Understanding the mystical symbols called Sefirot is central to understanding the mystical doctrine of Creation. Sefirah is unrelated to the Greek Sefairah ("sphere”) but rather to the Hebrew Sappir ("sapphire”). The radiance of God is likened to that of the sapphire. But many more synonyms abound. The Sefirot are called "sayings,” "names,” "lights,” "powers,” "crowns,” "attributes,” "garments,” "mirrors,” "aspects of God,” "shoots,” and "sources.”
What is agreed upon by the main stream kabbalists is the following: the God who manifests Himself in His Sefirot is the very same God of traditional religious belief. Therefore, the emanation of the Sefirot is a process within God Himself. This cojoins the hidden God of the Ein-Sof ("Infinite”) with the God of biblical (external) revelation.

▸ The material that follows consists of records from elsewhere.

lemma A1_bump_bump_difference_eq_1:
  fixes e x :: "real^'n"
  assumes "norm e = 1" and "norm x \<le> 1"
  shows "A1 bump (bump_difference e) x = 1"
proof (rule A1_eq_const)
  fix y z :: "real^'n" assume "norm y \<le> 1" "norm z \<le> 1"
  then have "norm (x - y) \<le> 4" "norm (x - z) \<le> 3"
    using norm_triangle_ineq4[of x y] norm_triangle_ineq4[of x z] assms(2) by linarith+
  then show "bump (x - y) * bump_difference e (x - z) = 1"
    using assms(1) by (simp add: bump_eq_1 bump_difference_eq_1)
qed

lemma Lp_norm_A1_bump_bump_difference_pos:
  assumes "norm e = 1" and "0 < r"
  shows "0 < Lp_norm r (A1 bump (bump_difference e))"
proof (rule Lp_norm_pos)
  show "integrable lborel (\<lambda>x. \<bar>A1 bump (bump_difference e) x\<bar> powr r)"
    by (intro integrable_abs_powr_bounded_support[where M = "1 * 10" and R = "5 + 1"]
        borel_measurable_A1 abs_A1_le A1_support support_bump abs_bump_le abs_bump_difference_le assms)
       measurable
qed (use A1_bump_bump_difference_eq_1 assms in auto)
lemma fin_gen_over_UNIV_iff: "fin_gen_over UNIV scale N \<longleftrightarrow> (\<exists>F. finite F \<and> F \<subseteq> N \<and> N = span F)"
  by (simp add: fin_gen_over_iff_combinations combinations_over_UNIV cong: conj_cong)

lemma in_span_finite_subset:
  assumes "x \<in> span X"
  obtains T where "finite T" "T \<subseteq> X" "x \<in> span T"
proof -
  obtain t r where t: "finite t" "t \<subseteq> X" and x: "x = (\<Sum>a\<in>t. r a *s a)"
    using assms unfolding span_explicit by blast
  have "x \<in> span t"
    unfolding x by (rule span_sum, rule span_scale, erule span_base)
  with t that show ?thesis by blast
qed

end

lemma noetherian_on_UNIV_subspace:
  fixes I :: "'a::comm_ring_1 set"
  assumes "noetherian_on (UNIV :: 'a set)" "self_module.subspace I"
  shows "\<exists>F. finite F \<and> F \<subseteq> I \<and> I = self_module.span F"
proof -
  have "ideal_in UNIV I"
    using assms(2) unfolding ideal_in_def self_module.subspace_def by blast
  then have "fin_gen_over UNIV (*) I"
    using assms(1) unfolding noetherian_on_def by blast
  then show ?thesis
    unfolding self_module.fin_gen_over_UNIV_iff .
qed

context module
begin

What is the essence of the Sefirot? Although Ten were created, there was no specific hierarchy involved; that is, the eighth emanation was as close to the Emanator as the third. It is also conceived that some of the emanations could join together to form mystical unions of their own. The early kabbalists believe the Sefirot are identical with God’s substance. They constitute God Himself; the Emanation is the Divinity. The Zohar asserts: "He is They, and They are He.” However, the latter kabbalists view this process of emanation as an intermediate stage between God and His Creation. The Sefirot do not form the essence of God but only serve Him as vessels or tools in the process of Creation. Applying this formula, it may be deduced that all creatures below the Sefirot exist independently of Divinity, possessing natures of their own.
How to depict the process? See the Sefirot as emanating from Ein-Sof in succession: one candle is lit from another without the Emanator being diminished in any way. Thus God remains greater than the sum of his "powers,” in this process of His passing from unity to plurality. While God’s manifestation of the Sefirot gives a sense of His "outer” personality, the nature of the Emanator remains a mystery at the head of the first Sefirah, known as the Keter, the "crown.” The mystery of God’s unity and the appearance of plurality within the One in his Sefirot have been expressed through a multiplicity of images: the Sefirot are compared to a candle flickering in the midst of ten mirrors set one within the other, each a different color. The light is reflected differently in each, although it is the same single light. The Sefirot have also been perceived as Divinity’s ten garments.
The complexity of the process and the possibilities of perception are unending. The Sefirot are the key to interpreting the world according to the kabbalists. Contained in the Godhead, they inform every living creature outside "it.” They are the warp and woof of Creation.